The observed patterns do not indicate an ongoing introgression between P. foetens and other closely related Pleurospermum species. This is due to the fact that all haplotypes of P. foetens exhibit relatively large nucleotide difference from the other closely related Pleurospermum species. Ancient plastid capture events from closely related species by some ancestral populations of the P. foetens have likely occurred, with subsequent maintenance of the captured plastid within P. foetens . However, a stronger proof for this scenario would require a much wider sampling among multiple populations of the closely related species, ancestors of which could potentially provide the presumably captured by P. foetens plastid genomes. A significant discrepancy exists in the divergence time estimation based on nrDNA and cpDNA datasets. We consider that the nrDNA dataset reflects the historical divergence of species while cpDNA dataset reveals the history of plastid capture between P. foetens and its relatives.

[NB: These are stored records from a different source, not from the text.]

(* Let $P$ be a nonempty rational polyhedron whose affine hull is $\{x:Ax=b\}$, where $A,b$ are integral. Then for every prime $p$, $P$ contains a $p$-adic point if, and only if, there does not exist a real vector $y$ such that $y^\top A$ is integral and $y^\top b$ is not a $p$-adic rational.
   Context: A $p$-adic rational is a number $a/p^k$ with $a,k\in\mathbb{Z}$, $k\ge0$; a vector is $p$-adic if all entries are $p$-adic rationals. *)

theory Defs
  imports "HOL-Analysis.Analysis"
begin

definition padic_rat :: "nat \<Rightarrow> real \<Rightarrow> bool" where
  "padic_rat p r \<longleftrightarrow> (\<exists>a::int. \<exists>k::nat. r = of_int a / (of_nat p) ^ k)"

definition padic_vec :: "nat \<Rightarrow> real ^ 'n \<Rightarrow> bool" where
  "padic_vec p x \<longleftrightarrow> (\<forall>i. padic_rat p (x $ i))"

definition integral_vec :: "real ^ 'n \<Rightarrow> bool" where
  "integral_vec x \<longleftrightarrow> (\<forall>i. x $ i \<in> \<int>)"

definition integral_mat :: "real ^ 'n ^ 'm \<Rightarrow> bool" where
  "integral_mat A \<longleftrightarrow> (\<forall>i j. A $ i $ j \<in> \<int>)"

definition rational_vec :: "real ^ 'n \<Rightarrow> bool" where
  "rational_vec x \<longleftrightarrow> (\<forall>i. x $ i \<in> \<rat>)"

definition rational_mat :: "real ^ 'n ^ 'm \<Rightarrow> bool" where
  "rational_mat A \<longleftrightarrow> (\<forall>i j. A $ i $ j \<in> \<rat>)"

definition polyhedron_of :: "real ^ 'n ^ 'k \<Rightarrow> real ^ 'k \<Rightarrow> (real ^ 'n) set" where
  "polyhedron_of M d = {x. \<forall>i. (M *v x) $ i \<le> d $ i}"

end

(*
  If x is a p-adic point of P, then A x = b, so y.b = (y^T A) x is p-adic whenever y^T A is
  integral. Conversely, the dual condition says that y.b is p-adic for every y that is
  integral on the lattice L = A Z^n. Eliminating one coordinate at a time, using a generator
  of the i-th coordinates of L (as in Hermite normal form), gives p^k b in L for some k,
  i.e. a p-adic solution x0 of A x = b. The null space of the integral matrix A is spanned
  by integral vectors, so its p-adic points are dense in it; adding a suitable one to x0
  gives a p-adic point of the affine hull close to a relative interior point of P, and
  hence in P.
*)

theory Submission
  imports Defs
begin

lemma padic_rat_of_int [simp]: "padic_rat p (of_int a)"
  unfolding padic_rat_def by (rule exI[of _ a], rule exI[of _ 0]) simp

lemma padic_rat_zero [simp]: "padic_rat p 0"
  using padic_rat_of_int[of p 0] by simp

lemma padic_rat_Ints: "x \<in> \<int> \<Longrightarrow> padic_rat p x"
  by (metis Ints_cases padic_rat_of_int)

lemma padic_rat_inverse_power: "padic_rat p (1 / real p ^ k)"
  unfolding padic_rat_def by (rule exI[of _ 1], rule exI[of _ k]) simp

lemma padic_rat_add:
  assumes "p > 0" "padic_rat p x" "padic_rat p y"
  shows "padic_rat p (x + y)"
proof -
  obtain a k c l where x: "x = of_int a / real p ^ k" and y: "y = of_int c / real p ^ l"
    using assms(2,3) unfolding padic_rat_def by blast
  have "x + y = of_int (a * int p ^ l + c * int p ^ k) / real p ^ (k + l)"
    using assms(1) by (simp add: x y field_simps power_add)
  then show ?thesis unfolding padic_rat_def by blast
qed

lemma padic_rat_mult:
  assumes "padic_rat p x" "padic_rat p y"
  shows "padic_rat p (x * y)"
proof -
  obtain a k c l where x: "x = of_int a / real p ^ k" and y: "y = of_int c / real p ^ l"
    using assms unfolding padic_rat_def by blast
  have "x * y = of_int (a * c) / real p ^ (k + l)"
    by (simp add: x y power_add)
  then show ?thesis unfolding padic_rat_def by blast
qed

lemma padic_rat_sum:
  assumes "p > 0" "\<And>i. i \<in> S \<Longrightarrow> padic_rat p (f i)"
  shows "padic_rat p (sum f S)"
  using assms(2)
  by (induction S rule: infinite_finite_induct) (auto intro: padic_rat_add[OF assms(1)])

lemma not_padic_rat_inverse_Suc:
  assumes "p > 0"
  shows "\<not> padic_rat p (1 / (real p + 1))"
proof
  assume "padic_rat p (1 / (real p + 1))"
  then obtain a k where "1 / (real p + 1) = of_int a / real p ^ k"
    unfolding padic_rat_def by blast
  then have "real_of_int (int p ^ k) = real_of_int (a * (int p + 1))"
    using assms by (simp add: field_simps)
  then have "(int p + 1) dvd int p ^ k"
    by (metis dvd_triv_right of_int_eq_iff)
  moreover have "coprime (int p + 1) (int p ^ k)"
    by simp
  ultimately have "is_unit (int p + 1)"
    by (meson coprime_common_divisor dvd_refl)
  then show False
    using assms by simp
qed

lemma padic_rat_dense:
  assumes "p > 1" "e > 0"
  shows "\<exists>r. padic_rat p r \<and> \<bar>c - r\<bar> < e"
proof -
  obtain k where k: "1 / e < real p ^ k"
    using real_arch_pow[of "real p" "1 / e"] assms(1) by auto
  have pk: "real p ^ k > 0"
    using assms(1) by simp
  define r where "r = of_int \<lfloor>c * real p ^ k\<rfloor> / real p ^ k"
  have "c - r = (c * real p ^ k - of_int \<lfloor>c * real p ^ k\<rfloor>) / real p ^ k"
    unfolding r_def using pk by (simp add: field_simps)
  moreover have "0 \<le> c * real p ^ k - of_int \<lfloor>c * real p ^ k\<rfloor>"
    "c * real p ^ k - of_int \<lfloor>c * real p ^ k\<rfloor> < 1"
    by linarith+
  ultimately have "0 \<le> c - r" "c - r < 1 / real p ^ k"
    using pk by (simp_all add: divide_strict_right_mono)
  moreover have "1 / real p ^ k < e"
    using k assms(2) pk by (simp add: field_simps)
  moreover have "padic_rat p r"
    unfolding r_def padic_rat_def by blast
  ultimately show ?thesis
    by (intro exI[of _ r]) simp
qed

lemma padic_vec_zero [simp]: "padic_vec p 0"
  by (simp add: padic_vec_def)

lemma padic_vec_add: "p > 0 \<Longrightarrow> padic_vec p x \<Longrightarrow> padic_vec p y \<Longrightarrow> padic_vec p (x + y)"
  unfolding padic_vec_def by (simp add: padic_rat_add)

lemma padic_vec_scaleR: "padic_rat p r \<Longrightarrow> padic_vec p x \<Longrightarrow> padic_vec p (r *\<^sub>R x)"
  unfolding padic_vec_def by (simp add: padic_rat_mult)

lemma integral_imp_padic_vec: "integral_vec x \<Longrightarrow> padic_vec p x"
  unfolding padic_vec_def integral_vec_def by (blast intro: padic_rat_Ints)

lemma padic_rat_inner_integral:
  assumes "p > 0" "integral_vec y" "padic_vec p x"
  shows "padic_rat p (y \<bullet> x)"
  unfolding inner_vec_def using assms(2,3)
  by (intro padic_rat_sum[OF assms(1)])
    (auto simp: integral_vec_def padic_vec_def intro!: padic_rat_mult intro: padic_rat_Ints)

lemma integral_vec_inner_Ints: "integral_vec u \<Longrightarrow> integral_vec v \<Longrightarrow> u \<bullet> v \<in> \<int>"
  unfolding integral_vec_def inner_vec_def by (auto intro!: Ints_sum Ints_mult)

lemma integral_vec_lincomb:
  "integral_vec u \<Longrightarrow> integral_vec v \<Longrightarrow> a \<in> \<int> \<Longrightarrow> c \<in> \<int> \<Longrightarrow>
    integral_vec (a *\<^sub>R u + c *\<^sub>R v)"
  unfolding integral_vec_def by (auto intro!: Ints_add Ints_mult)

lemma integral_vec_axis: "integral_vec (axis i 1)"
  by (simp add: integral_vec_def axis_def)

lemma integral_mat_row: "integral_mat A \<Longrightarrow> integral_vec (A $ i)"
  unfolding integral_mat_def integral_vec_def by blast

lemma padic_solution_imp_padic_dual:
  assumes "p > 0" "padic_vec p x" "A *v x = b" "integral_vec (y v* A)"
  shows "padic_rat p (y \<bullet> b)"
proof -
  have "y \<bullet> b = (y v* A) \<bullet> x"
    using assms(3) by (simp add: dot_lmul_matrix)
  then show ?thesis
    using padic_rat_inner_integral[OF assms(1,4,2)] by simp
qed

definition integral_lattice :: "(real ^ 'n) set \<Rightarrow> bool" where
  "integral_lattice L \<longleftrightarrow> 0 \<in> L \<and> (\<forall>v\<in>L. integral_vec v) \<and>
     (\<forall>v\<in>L. \<forall>w\<in>L. \<forall>a c :: int. of_int a *\<^sub>R v + of_int c *\<^sub>R w \<in> L)"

4.2. Biogeographical Patterns of P. foetens
No haplotype was shared between any two populations of P. foetens based on the haplotype network of cpDNA (Figure 2b). Pleurospermum foetens exhibits a clear phylogeographic structure in cpDNA, with populations on neighboring mountains within specific regions exhibiting closer genetic affiliations. The mutation site numbers between three geographical clades ranged from 16 to 184, significantly higher than the observed within‐group variations. This pattern is consistent with that observed in previous studies: “one or several endemic haplotypes on a mountaintop” identified in sky islands (Liu et al. 2023; Luo et al. 2016; Xiao et al. 2015; Zhang et al. 2022). In comparison, the nrDNA ITS sequence (606 bp) is less informative and demonstrates historical connectivity among sky islands. The periodic connectivity and isolation among different refugia facilitated by the glacial cycles enabled genetic exchange and allopatric divergence (Ortego and Knowles 2022; Rahbek, Borregaard, Colwell, et al. 2019). The divergence of P. foetens populations in the Yunnan‐Kweichow Plateau and the Hengduan Mountains is estimated to have occurred during the Pleistocene (ca. 1.98 Ma). Subsequently, these two regions have been effectively isolated, although the subsequent glacial period has facilitated the expansion of alpine species (Rahbek, Borregaard, Antonelli, et al. 2019; Stehlik 2003). It is possible that significant geological changes may have occurred in the intervening area between these two regions, which could have restricted the gene flow between the species shared by these two regions. The haplotype network of nrDNA ITS dataset indicates that populations in the Hengduan Mountains can share haplotypes, suggesting a higher level of connectivity among sky islands of this region during the glacial period. However, this sharing pattern may diminish with increasing geographic distance, resulting in the most distant population (PJC) having an endemic haplotype.
The populations in the Yunnan‐Kweichow Plateau do not share haplotypes in the nrDNA ITS haplotype network. Additionally, the divergence time between two populations of P. foetens in the Yunnan‐Kweichow Plateau (ca. 1.1 Ma) is earlier than that in the Hengduan Mountains (ca. 0.99 Ma). These results suggest that the isolation effect on alpine periglacial species may be more pronounced in the Yunnan‐Kweichow Plateau than in the Hengduan Mountains. According to the ENM results of P. foetens , very few suitable habitats existed in the Yunnan‐Kweichow Plateau. In addition to the geographic distance between populations, significant geological transformations, particularly the formation of deep valley of the Jinsha River, may have further isolated the populations in the Yunnan‐Kweichow Plateau. For instance, although Jiaozi Mountain and Shizi Mountain in the Yunnan‐Kweichow Plateau are geographically close, ecological niche modeling indicates that there was no contact between their distribution ranges during the LGM period, when the area of suitable habitat is at its largest.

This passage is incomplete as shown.